The UK-based Syrian Observatory for Human Rights confirmed that at least six civilians had been killed by shelling during the pauses.

An open letter, published by more than 200 Syrians around the world, on Tuesday, said that sympathy from UN and other global powers was not enough. “The world is a bystander to the carnage that has ravaged the lives of Syrians,” the letter from activists, writers, musicians, and academics read.

“Those with the power to act have been generous with expressions of sympathy but have offered nothing beyond the wish that this war on civilians — which they grotesquely call a ‘civil war’ — would end. They call on ‘all parties’ to show restraint, even though one side alone has a virtual monopoly on violence; they encourage all parties to negotiate, even though the opposition is entirely without leverage. They say there is ‘no military solution’ though the regime has given no indication that it believes in a solution of any other kind. Meanwhile, pleas from aid agencies and endangered Syrians fall on deaf ears.”

Faith leaders continued to call for an immediate end to the violence. The World Council of Churches said in a statement that the continued military targeting of civilians was “morally and ethically unacceptable and condemnable by all norms and virtues”, as well as an offence against international humanitarian law.

“We stand in solidarity with the suffering people of Syria and hope that their aspirations for freedom and human dignity will be reached soon through putting an end to this absurd war and engaging in the political process led by the UN in accordance with relevant UN Security Council resolutions.”

Pope Francis said on Sunday that the ongoing war was “inhumane”, and that evil could not be fought with more evil. “In these days, my thoughts are often turned to the beloved and martyred Syria,” he said during mass. “This month of February has been one of the most violent months in the seven years of conflict.”

The Syria Crisis programme manager for the RC charity CAFOD, Alan Thomlinson, said that further military interventions were not the answer. “The heaviest price is still being paid by civilians. . . Nothing is more urgent than a halt in the fighting, in order to get aid to those who are wounded or have been stranded for months, and end the pain and suffering of thousands.”
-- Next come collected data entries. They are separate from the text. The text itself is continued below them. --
lemma nxt_in_range: "i \<in> {1..n} \<Longrightarrow> nxt n i \<in> {1..n}"
  by (simp add: nxt_eq)

lemma prv_in_range: "i \<in> {1..n} \<Longrightarrow> prv n i \<in> {1..n}"
  unfolding prv_def by auto

lemma nxt_prv: "i \<in> {1..n} \<Longrightarrow> nxt n (prv n i) = i"
  unfolding prv_def nxt_def by auto

lemma prv_nxt: "i \<in> {1..n} \<Longrightarrow> prv n (nxt n i) = i"
  by (simp add: prv_def nxt_eq)

lemma cyc_dist_self [simp]: "cyc_dist n i i = 0"
  by (simp add: cyc_dist_def cyc_fwd_def)

lemma cyc_dist_commute: "cyc_dist n i j = cyc_dist n j i"
  unfolding cyc_dist_def by simp

lemma cyc_fwd_eq_0_iff: "i \<in> {1..n} \<Longrightarrow> j \<in> {1..n} \<Longrightarrow> cyc_fwd n i j = 0 \<longleftrightarrow> i = j"
  unfolding cyc_fwd_def by auto

lemma cyc_fwd_nxt: "i \<in> {1..n} \<Longrightarrow> j \<in> {1..n} \<Longrightarrow> cyc_fwd n i j = Suc d \<Longrightarrow>
    cyc_fwd n (nxt n i) j = d"
  unfolding cyc_fwd_def by (cases "i = n") (auto simp: nxt_eq split: if_splits)

lemma cyc_dist_nxt_le: "i \<in> {1..n} \<Longrightarrow> j \<in> {1..n} \<Longrightarrow>
    cyc_dist n (nxt n i) j \<le> Suc (cyc_dist n i j) \<and>
    cyc_dist n i j \<le> Suc (cyc_dist n (nxt n i) j)"
  unfolding cyc_dist_def cyc_fwd_def
  by (cases "i = n"; cases "i \<le> j") (auto simp: nxt_eq min_def)

lemma cyc_dist_eq_min_fwd: "i \<in> {1..n} \<Longrightarrow> j \<in> {1..n} \<Longrightarrow>
    cyc_dist n i j = min (cyc_fwd n i j) (n - cyc_fwd n i j)"
  unfolding cyc_dist_def cyc_fwd_def by auto

lemma cyc_fwd_prv_right: "i \<in> {1..n} \<Longrightarrow> j \<in> {1..n} \<Longrightarrow> i \<noteq> j \<Longrightarrow>
    cyc_fwd n i (prv n j) = cyc_fwd n i j - 1"
  unfolding cyc_fwd_def prv_def by auto

lemma cyc_fwd_prv_left: "i \<in> {1..n} \<Longrightarrow> j \<in> {1..n} \<Longrightarrow> Suc (cyc_fwd n i j) < n \<Longrightarrow>
    cyc_fwd n (prv n i) j = Suc (cyc_fwd n i j)"
  unfolding cyc_fwd_def prv_def by auto

lemma cyc_fwd_prv_prv: "i \<in> {1..n} \<Longrightarrow> j \<in> {1..n} \<Longrightarrow>
    cyc_fwd n (prv n i) (prv n j) = cyc_fwd n i j"
  unfolding cyc_fwd_def prv_def by auto

lemma cyc_dist_prv_prv: "i \<in> {1..n} \<Longrightarrow> j \<in> {1..n} \<Longrightarrow>
    cyc_dist n (prv n i) (prv n j) = cyc_dist n i j"
  by (simp add: cyc_dist_def cyc_fwd_prv_prv)

lemma odd_cyc_dist_prv:
  assumes i: "i \<in> {1..n}" and m: "m \<in> {1..n}" and "odd n"
    and closer: "cyc_dist n (prv n m) i < cyc_dist n m i"
  shows "cyc_dist n m i \<le> cyc_dist n m (prv n i)"
proof -
  obtain k where n: "n = 2 * k + 1" using \<open>odd n\<close> oddE by blast
  have "i \<noteq> m" using closer by auto
  define d where "d = cyc_fwd n i m"
  have dist_m: "cyc_dist n m i = min d (n - d)"
    using cyc_dist_eq_min_fwd[OF i m] by (simp add: cyc_dist_commute d_def)
  have "cyc_dist n (prv n m) i = min (d - 1) (n - (d - 1))"
    using cyc_dist_eq_min_fwd[OF i prv_in_range[OF m]] cyc_fwd_prv_right[OF i m \<open>i \<noteq> m\<close>]
    by (simp add: cyc_dist_commute d_def)
  \<comment> \<open>For even n the case d = n/2 would survive here, and the claim fails for it.\<close>
  then have "0 < d" "d \<le> k" using closer dist_m n by (simp_all add: min_def split: if_splits)
  then have "cyc_fwd n (prv n i) m = Suc d"
    using cyc_fwd_prv_left[OF i m] n by (simp add: d_def)
  then have "cyc_dist n m (prv n i) = min (Suc d) (n - Suc d)"
    using cyc_dist_eq_min_fwd[OF prv_in_range[OF i] m] by (simp add: cyc_dist_commute)
  with \<open>d \<le> k\<close> n dist_m show ?thesis by simp
qed

lemma relpow_sym:
  assumes "sym R" and "(x, y) \<in> R ^^ k"
  shows "(y, x) \<in> R ^^ k"
  using assms(2)
proof (induction k arbitrary: y)
  case (Suc k)
  then obtain z where "(x, z) \<in> R ^^ k" "(z, y) \<in> R" by auto
  then show ?case using Suc.IH \<open>sym R\<close> by (meson relpow_Suc_I2 symD)
qed simp

lemma relpow_potential_le:
  assumes step: "\<And>x y. (x, y) \<in> R \<Longrightarrow> f x \<le> Suc (f y)" and "(x, z) \<in> R ^^ k"
  shows "f x \<le> f z + k"
  using assms(2)
proof (induction k arbitrary: x)
  case (Suc k)
  then obtain y where "(x, y) \<in> R" "(y, z) \<in> R ^^ k" by (meson relpow_Suc_D2)
  then show ?case using Suc.IH step by fastforce
qed simp

lemma Sdist_le: "(u, v) \<in> Sedges n ^^ k \<Longrightarrow> Sdist n u v \<le> k"
  unfolding Sdist_def by (rule Least_le)

lemma Sdist_walk: "(u, v) \<in> Sedges n ^^ k \<Longrightarrow> (u, v) \<in> Sedges n ^^ Sdist n u v"
  unfolding Sdist_def by (rule LeastI)

lemma Sdist_self [simp]: "Sdist n u u = 0"
  using Sdist_le[where k = 0] by simp

lemma Sdist_triangle:
  assumes "(u, v) \<in> Sedges n ^^ k" and "(v, w) \<in> Sedges n ^^ l"
  shows "Sdist n u w \<le> Sdist n u v + Sdist n v w"
  using relpow_trans[OF Sdist_walk[OF assms(1)] Sdist_walk[OF assms(2)]] by (rule Sdist_le)

lemma sym_Sedges: "sym (Sedges n)"
  unfolding Sedges_def by (rule sym_Un_converse)

lemma Sedges_I:
  assumes "i \<in> {1..n}"
    and "p \<in> {(A i, A (nxt n i)), (B i, B (nxt n i)), (C i, C (nxt n i)), (D i, D (nxt n i)),
      (A (nxt n i), B i), (A i, B i), (B i, C i), (C i, D i)}"
  shows "p \<in> Sedges n"
  using assms unfolding Sedges_def Sedges0_def by blast

lemma edge_A_B: "i \<in> {1..n} \<Longrightarrow> (A i, B i) \<in> Sedges n"
  by (rule Sedges_I) auto

lemma edge_A_B_prv: "i \<in> {1..n} \<Longrightarrow> (A i, B (prv n i)) \<in> Sedges n"
  using Sedges_I[OF prv_in_range, of i n] by (simp add: nxt_prv)

lemma edge_B_C: "i \<in> {1..n} \<Longrightarrow> (B i, C i) \<in> Sedges n"
  by (rule Sedges_I) auto

lemma edge_C_D: "i \<in> {1..n} \<Longrightarrow> (C i, D i) \<in> Sedges n"
  by (rule Sedges_I) auto

lemma cycle_walk:
  assumes cycle: "\<And>i. i \<in> {1..n} \<Longrightarrow> (f i, f (nxt n i)) \<in> Sedges n"
    and i: "i \<in> {1..n}" and j: "j \<in> {1..n}"
  shows "(f i, f j) \<in> Sedges n ^^ cyc_dist n i j"
proof -
  have fwd: "(f i', f j') \<in> Sedges n ^^ cyc_fwd n i' j'"
    if "i' \<in> {1..n}" "j' \<in> {1..n}" for i' j'
    using that
  proof (induction "cyc_fwd n i' j'" arbitrary: i')
    case 0
    then show ?case using cyc_fwd_eq_0_iff by (metis relpow_0_I)
  next
    case (Suc d)
    then have "(f (nxt n i'), f j') \<in> Sedges n ^^ d"
      using cyc_fwd_nxt nxt_in_range by metis
    then show ?case using relpow_Suc_I2[OF cycle] Suc by metis
  qed
  show ?thesis
    using fwd[OF i j] relpow_sym[OF sym_Sedges fwd[OF j i]] by (simp add: cyc_dist_def min_def)
qed

lemma walk_A: "i \<in> {1..n} \<Longrightarrow> j \<in> {1..n} \<Longrightarrow> (A i, A j) \<in> Sedges n ^^ cyc_dist n i j"
  by (rule cycle_walk) (auto intro: Sedges_I)

lemma walk_B: "i \<in> {1..n} \<Longrightarrow> j \<in> {1..n} \<Longrightarrow> (B i, B j) \<in> Sedges n ^^ cyc_dist n i j"
  by (rule cycle_walk) (auto intro: Sedges_I)

lemma walk_C: "i \<in> {1..n} \<Longrightarrow> j \<in> {1..n} \<Longrightarrow> (C i, C j) \<in> Sedges n ^^ cyc_dist n i j"
  by (rule cycle_walk) (auto intro: Sedges_I)

lemma walk_C_D: "i \<in> {1..n} \<Longrightarrow> (C i, D i) \<in> Sedges n ^^ 1"
  using edge_C_D by simp

lemma walk_B_D: "i \<in> {1..n} \<Longrightarrow> (B i, D i) \<in> Sedges n ^^ 2"
  using relpow_Suc_I2[OF edge_B_C walk_C_D] by (simp add: numeral_2_eq_2)

lemma walk_A_D: "i \<in> {1..n} \<Longrightarrow> (A i, D i) \<in> Sedges n ^^ 3"
  using relpow_Suc_I2[OF edge_A_B walk_B_D] by (simp add: numeral_3_eq_3)

lemma walk_A_D_prv: "i \<in> {1..n} \<Longrightarrow> (A i, D (prv n i)) \<in> Sedges n ^^ 3"
  using relpow_Suc_I2[OF edge_A_B_prv walk_B_D[OF prv_in_range]] by (simp add: numeral_3_eq_3)

fun dist_D :: "nat \<Rightarrow> nat \<Rightarrow> vtx \<Rightarrow> nat" where
  "dist_D n j (D i) = cyc_dist n i j"
| "dist_D n j (C i) = 1 + cyc_dist n i j"
| "dist_D n j (B i) = 2 + cyc_dist n i j"
| "dist_D n j (A i) = 3 + min (cyc_dist n i j) (cyc_dist n (prv n i) j)"

lemma dist_D_Sedges0:
  assumes "(x, y) \<in> Sedges0 n" and j: "j \<in> {1..n}"
  shows "dist_D n j x \<le> Suc (dist_D n j y) \<and> dist_D n j y \<le> Suc (dist_D n j x)"
proof -
  obtain i where i: "i \<in> {1..n}" and "(x, y) \<in> {(A i, A (nxt n i)), (B i, B (nxt n i)),
      (C i, C (nxt n i)), (D i, D (nxt n i)), (A (nxt n i), B i), (A i, B i), (B i, C i),
      (C i, D i)}"
    using assms(1) unfolding Sedges0_def by blast
  moreover note cyc_dist_nxt_le[OF i j]
  moreover have "cyc_dist n i j \<le> Suc (cyc_dist n (prv n i) j) \<and>
      cyc_dist n (prv n i) j \<le> Suc (cyc_dist n i j)"
    using cyc_dist_nxt_le[OF prv_in_range[OF i] j] by (simp add: nxt_prv[OF i])
  ultimately show ?thesis
    by (auto simp: prv_nxt[OF i] min_def)
qed

lemma dist_D_le_walk:
  assumes "(x, D j) \<in> Sedges n ^^ k" and "j \<in> {1..n}"
  shows "dist_D n j x \<le> k"
proof -
  have "dist_D n j x \<le> dist_D n j (D j) + k"
    by (rule relpow_potential_le[OF _ assms(1)])
       (use dist_D_Sedges0 assms(2) in \<open>auto simp: Sedges_def\<close>)
  then show ?thesis by simp
qed

lemma strongly_resolves_sym: "strongly_resolves n w u v \<Longrightarrow> strongly_resolves n w v u"
  unfolding strongly_resolves_def by auto

lemma strongly_resolves_self: "strongly_resolves n u u v"
  unfolding strongly_resolves_def by simp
Syrian refugees over the border were also suffering, the UN children’s charity UNICEF reported. Of the Syrian refugee children registered in Jordon, 85 per cent are living below the poverty line, and almost all children under five years old (94 per cent) are “multidimensionally poor” because they live in communities that are deprived of a minimum of two out five basic needs: education, health care, water and sanitation, child protection, and child safety.

Another UN report this week, Voices from Syria 2018, on the sexual exploitation of women and girls during the eight-year war, stated that humanitarian workers had been requesting “sexual favours in return for aid”, and had been involved in the sexual harassment of teenage girls, discrimination and favouritism, theft and forgery, physical violence, and shaming.